5. Discussion The 4P paradigm integrates object-orientation and concurrency in an orthogonal manner by introducing a small number of constructs to specify synchronization in terms of access, boolean and path guards to methods. By separating synchronization from the method body, we are able to modify either of them independently. This is necessary as in the case of the LockedBuffer example discussed above. In paradigms where synchronization code is intertwined with the method body, such changes would be messy. We also solve the anomaly caused by history sensitivity (which languages based on guards generally don’t) by providing path guards. Path guards are similar to path expressions [3] in the sense that both express the execution pattern of methods. However, there are two main differences.
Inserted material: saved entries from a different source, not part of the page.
lemma T_cond_subtree:
  assumes cond: "T_cond p A" and u: "splitting p u"
  shows "T_cond (subtree p u) {k \<in> A. length u \<le> k}"
proof -
  have tree: "is_tree3 p" and perfect: "perfect3 p"
    and levels: "\<forall>t\<in>p. length t \<in> A \<longleftrightarrow> splitting p t"
    and full: "\<forall>t\<in>p. splitting p t \<longrightarrow> (\<forall>i<3. t @ [i] \<in> p)"
    and no_2: "\<forall>s\<in>p. prefix (stem p) s \<and> \<not> splitting p s \<longrightarrow> s @ [2] \<notin> p"
    and uniform: "\<forall>s\<in>p. \<forall>t\<in>p. \<not> splitting p s \<and> \<not> splitting p t \<and> length s = length t
          \<longrightarrow> (\<forall>i<2. s @ [i] \<in> p \<longleftrightarrow> t @ [i] \<in> p)"
    using cond unfolding T_cond_def by blast+
  have "u \<in> p"
    using u unfolding splitting_def by blast
  show ?thesis
    unfolding T_cond_def
  proof (intro conjI ballI impI allI)
    show "is_tree3 (subtree p u)" "perfect3 (subtree p u)"
      using is_tree3_subtree perfect3_subtree tree perfect \<open>u \<in> p\<close> u by auto
  next
    fix t assume "t \<in> subtree p u"
    with levels show "length t \<in> {k \<in> A. length u \<le> k} \<longleftrightarrow> splitting (subtree p u) t"
      by (rule splitting_levels_subtree)
  next
    fix t and i :: nat assume t: "t \<in> subtree p u" "splitting (subtree p u) t" "i < 3"
    then have "prefix u t" "splitting p t"
      using splitting_subtree_imp_above splitting_subtree_above by blast+
    then show "t @ [i] \<in> subtree p u"
      using full t subtree_subset mem_subtree_above[OF prefix_prefix[OF \<open>prefix u t\<close>]] by auto
  next
    fix s assume s: "s \<in> subtree p u" "prefix (stem (subtree p u)) s \<and> \<not> splitting (subtree p u) s"
    then have "prefix u s"
      using stem_subtree[OF u] by simp
    moreover have "prefix (stem p) u"
      using prefix_stem_splitting tree perfect u by blast
    ultimately have "s @ [2] \<notin> p"
      using no_2 s subtree_subset splitting_subtree_above prefix_order.trans by blast
    then show "s @ [2] \<notin> subtree p u"
      using subtree_subset by blast
  next
    fix s t and i :: nat
    assume "s \<in> subtree p u" "t \<in> subtree p u"
      and "\<not> splitting (subtree p u) s \<and> \<not> splitting (subtree p u) t \<and> length s = length t"
      and "i < 2"
    with uniform show "s @ [i] \<in> subtree p u \<longleftrightarrow> t @ [i] \<in> subtree p u"
      using uniform_nonsplitting_subtree by blast
  qed
qed
lemma first_order_condition_asymptotics:
  fixes q m N :: "nat \<Rightarrow> real" and K b :: real and k :: nat
  assumes k: "k \<ge> 2" and K: "K > 0" and b: "b > 0"
    and density: "(\<lambda>n. m n / real n) \<longlonglongrightarrow> b"
    and foc: "\<forall>\<^sub>F n in sequentially. 0 < q n \<and> q n < 1 \<and> 0 \<le> N n \<and> N n \<le> real n \<and>
      K = K * q n ^ (2 * k - 2) / (1 - q n ^ (2 * k - 2)) + N n * (q n ^ k)\<^sup>2 / (1 - (q n ^ k)\<^sup>2)
          + m n * q n ^ k / (1 - q n ^ k)"
  shows "(\<lambda>n. real n * q n ^ k) \<longlonglongrightarrow> K / b"
proof -
  define z where "z n = q n ^ k" for n
  define t1 where "t1 n = K * q n ^ (2 * k - 2) / (1 - q n ^ (2 * k - 2))" for n
  define t2 where "t2 n = N n * (z n)\<^sup>2 / (1 - (z n)\<^sup>2)" for n
  have m_top: "filterlim m at_top sequentially"
    by (rule filterlim_at_top_of_density[OF density b])
  have ratio: "(\<lambda>n. real n / m n) \<longlonglongrightarrow> 1 / b"
    using tendsto_inverse[OF density] b by (simp add: inverse_eq_divide)
  have ev: "\<forall>\<^sub>F n in sequentially. 0 < m n \<and> 0 \<le> z n \<and> m n * z n \<le> K \<and>
      0 \<le> t1 n \<and> t1 n \<le> K * z n / (1 - z n) \<and>
      0 \<le> t2 n \<and> t2 n \<le> K * (real n / m n) * (z n / (1 - (z n)\<^sup>2)) \<and>
      (K - t1 n - t2 n) * (1 - z n) = m n * z n"
    using foc eventually_gt_at_top[of 0] order_tendstoD(1)[OF density b]
  proof eventually_elim
    case (elim n)
    then have "0 < m n"
      by (simp add: zero_less_divide_iff)
    with elim show ?case
      using first_order_condition_bounds[OF k K, of "q n" "N n" "real n" "m n"]
      unfolding z_def t1_def t2_def by simp
  qed
  have z: "z \<longlonglongrightarrow> 0"
  proof (rule tendsto_sandwich[of "\<lambda>_. 0" _ _ "\<lambda>n. K / m n"])
    show "\<forall>\<^sub>F n in sequentially. 0 \<le> z n" "\<forall>\<^sub>F n in sequentially. z n \<le> K / m n"
      by (auto intro: eventually_mono[OF ev] simp: field_simps)
    show "(\<lambda>n. K / m n) \<longlonglongrightarrow> 0"
      by (rule tendsto_divide_0[OF tendsto_const filterlim_at_top_imp_at_infinity[OF m_top]])
  qed simp
  have t1: "t1 \<longlonglongrightarrow> 0"
  proof (rule tendsto_sandwich[of "\<lambda>_. 0" _ _ "\<lambda>n. K * z n / (1 - z n)"])
    show "\<forall>\<^sub>F n in sequentially. 0 \<le> t1 n" "\<forall>\<^sub>F n in sequentially. t1 n \<le> K * z n / (1 - z n)"
      by (auto intro: eventually_mono[OF ev])
    show "(\<lambda>n. K * z n / (1 - z n)) \<longlonglongrightarrow> 0"
      using tendsto_divide[OF tendsto_mult[OF tendsto_const z] tendsto_diff[OF tendsto_const z]] by simp
  qed simp
  have t2: "t2 \<longlonglongrightarrow> 0"
  proof (rule tendsto_sandwich[of "\<lambda>_. 0" _ _ "\<lambda>n. K * (real n / m n) * (z n / (1 - (z n)\<^sup>2))"])
    show "\<forall>\<^sub>F n in sequentially. 0 \<le> t2 n"
      "\<forall>\<^sub>F n in sequentially. t2 n \<le> K * (real n / m n) * (z n / (1 - (z n)\<^sup>2))"
      by (auto intro: eventually_mono[OF ev])
    have "(\<lambda>n. K * (real n / m n) * (z n / (1 - (z n)\<^sup>2))) \<longlonglongrightarrow> K * (1 / b) * (0 / (1 - 0\<^sup>2))"
      by (intro tendsto_mult tendsto_divide tendsto_diff tendsto_power tendsto_const ratio z) simp
    then show "(\<lambda>n. K * (real n / m n) * (z n / (1 - (z n)\<^sup>2))) \<longlonglongrightarrow> 0"
      by simp
  qed simp
  have "(\<lambda>n. (K - t1 n - t2 n) * (1 - z n)) \<longlonglongrightarrow> (K - 0 - 0) * (1 - 0)"
    using t1 t2 z by (intro tendsto_intros)
  moreover have "\<forall>\<^sub>F n in sequentially. (K - t1 n - t2 n) * (1 - z n) = m n * z n"
    using ev by eventually_elim simp
  ultimately have "(\<lambda>n. m n * z n) \<longlonglongrightarrow> K"
    by (simp add: tendsto_cong)
  then have "(\<lambda>n. real n / m n * (m n * z n)) \<longlonglongrightarrow> 1 / b * K"
    using ratio by (intro tendsto_mult)
  moreover have "\<forall>\<^sub>F n in sequentially. real n / m n * (m n * z n) = real n * q n ^ k"
    using ev by eventually_elim (simp add: z_def)
  ultimately show ?thesis
    by (simp add: tendsto_cong)
qed

lemma powr_mult_power_root:
  fixes q x :: real and k :: nat
  assumes "0 < q" "0 \<le> x" "k > 0"
  shows "(x * q ^ k) powr (1 / real k) = q * x powr (1 / real k)"
  using assms by (simp add: powr_mult powr_realpow[symmetric] powr_powr)

lemma density_complement:
  assumes "\<And>n. P n \<subseteq> {..<n}" "(\<lambda>n. real (card (P n)) / real n) \<longlonglongrightarrow> b"
  shows "(\<lambda>n. real (card ({..<n} - P n)) / real n) \<longlonglongrightarrow> 1 - b"
proof -
  have "(\<lambda>n. 1 - real (card (P n)) / real n) \<longlonglongrightarrow> 1 - b"
    using assms(2) by (intro tendsto_intros)
  moreover have "\<forall>\<^sub>F n in sequentially. 1 - real (card (P n)) / real n = real (card ({..<n} - P n)) / real n"
    using eventually_gt_at_top[of 0]
  proof eventually_elim
    case (elim n)
    have "card (P n) \<le> n"
      using card_mono[OF _ assms(1)] by fastforce
    then show ?case
      using elim assms(1)[of n] finite_subset[OF assms(1)[of n]]
      by (simp add: card_Diff_subset of_nat_diff field_simps)
  qed
  ultimately show ?thesis
    by (rule Lim_transform_eventually)
qed
theorem theorem2p1:
  fixes av :: "'k::field \<Rightarrow> real"
    and sm :: "'k \<Rightarrow> 'x::ab_group_add \<Rightarrow> 'x"
    and nr :: "'x \<Rightarrow> real"
    and k :: nat
    and \<phi> :: "'g::ab_group_add \<Rightarrow> 'g \<Rightarrow> real"
    and f :: "'g \<Rightarrow> 'x"
  assumes "nonarch_field av" and "nontrivial_val av"
    and "vector_space sm"
    and "nonarch_norm av sm nr" and "complete_wrt nr"
    and "av (2 * (of_nat k) ^ 3) \<noteq> 0"
    and "\<forall>x y. \<phi> x y \<ge> 0"
    and "\<forall>x y. (\<lambda>n. \<phi> (gmul (k ^ n) x) (gmul (k ^ n) y) / av (of_nat k) ^ (3 * n))
                 \<longlonglongrightarrow> 0"
    and "\<forall>x. convergent (\<lambda>n. Max ((\<lambda>j. \<phi> (gmul (k ^ j) x) 0 / av (of_nat k) ^ (3 * j)) ` {..<n}))"
    and "\<forall>x y. nr (Dop sm k f x y) \<le> \<phi> x y"
  shows "(\<exists>C. cubic_map sm k C \<and>
            (\<forall>x. nr (C x - f x) \<le> (1 / av (2 * (of_nat k) ^ 3)) *
               lim (\<lambda>n. Max ((\<lambda>j. \<phi> (gmul (k ^ j) x) 0 / av (of_nat k) ^ (3 * j)) ` {..<n}))))
       \<and> ((\<forall>x. (\<lambda>i. lim (\<lambda>n. Max ((\<lambda>j. \<phi> (gmul (k ^ j) x) 0 / av (of_nat k) ^ (3 * j)) ` {i..<n + i})))
                 \<longlonglongrightarrow> 0)
          \<longrightarrow> (\<exists>!C. cubic_map sm k C \<and>
            (\<forall>x. nr (C x - f x) \<le> (1 / av (2 * (of_nat k) ^ 3)) *
               lim (\<lambda>n. Max ((\<lambda>j. \<phi> (gmul (k ^ j) x) 0 / av (of_nat k) ^ (3 * j)) ` {..<n})))))"
proof -
  interpret cubic_stability sm av nr k \<phi> f
    using assms(1,3-10)
    by (intro cubic_stability.intro nonarch_normed_space.intro nonarch_normed_space_axioms.intro
        cubic_stability_axioms.intro) auto
  show ?thesis
    using cubic_map_cubic_limit nr_cubic_limit_diff_le cubic_approximation_unique
    unfolding phi_tilde_def scaled_phi_eq by blast
qed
Firstly, a path expression specifies the acceptable paths of execution of the methods. Whereas, a path guard specifies only the history of execution sequence(s) which will make the current method executable. Secondly, path guards are attached to methods while path expressions appear independently of methods. Even though path expressions separate synchronization from the method body, they have been shown to cause inheritance anomaly; a new method in the child would always force the path expressions to be rewritten to include the method in the paths.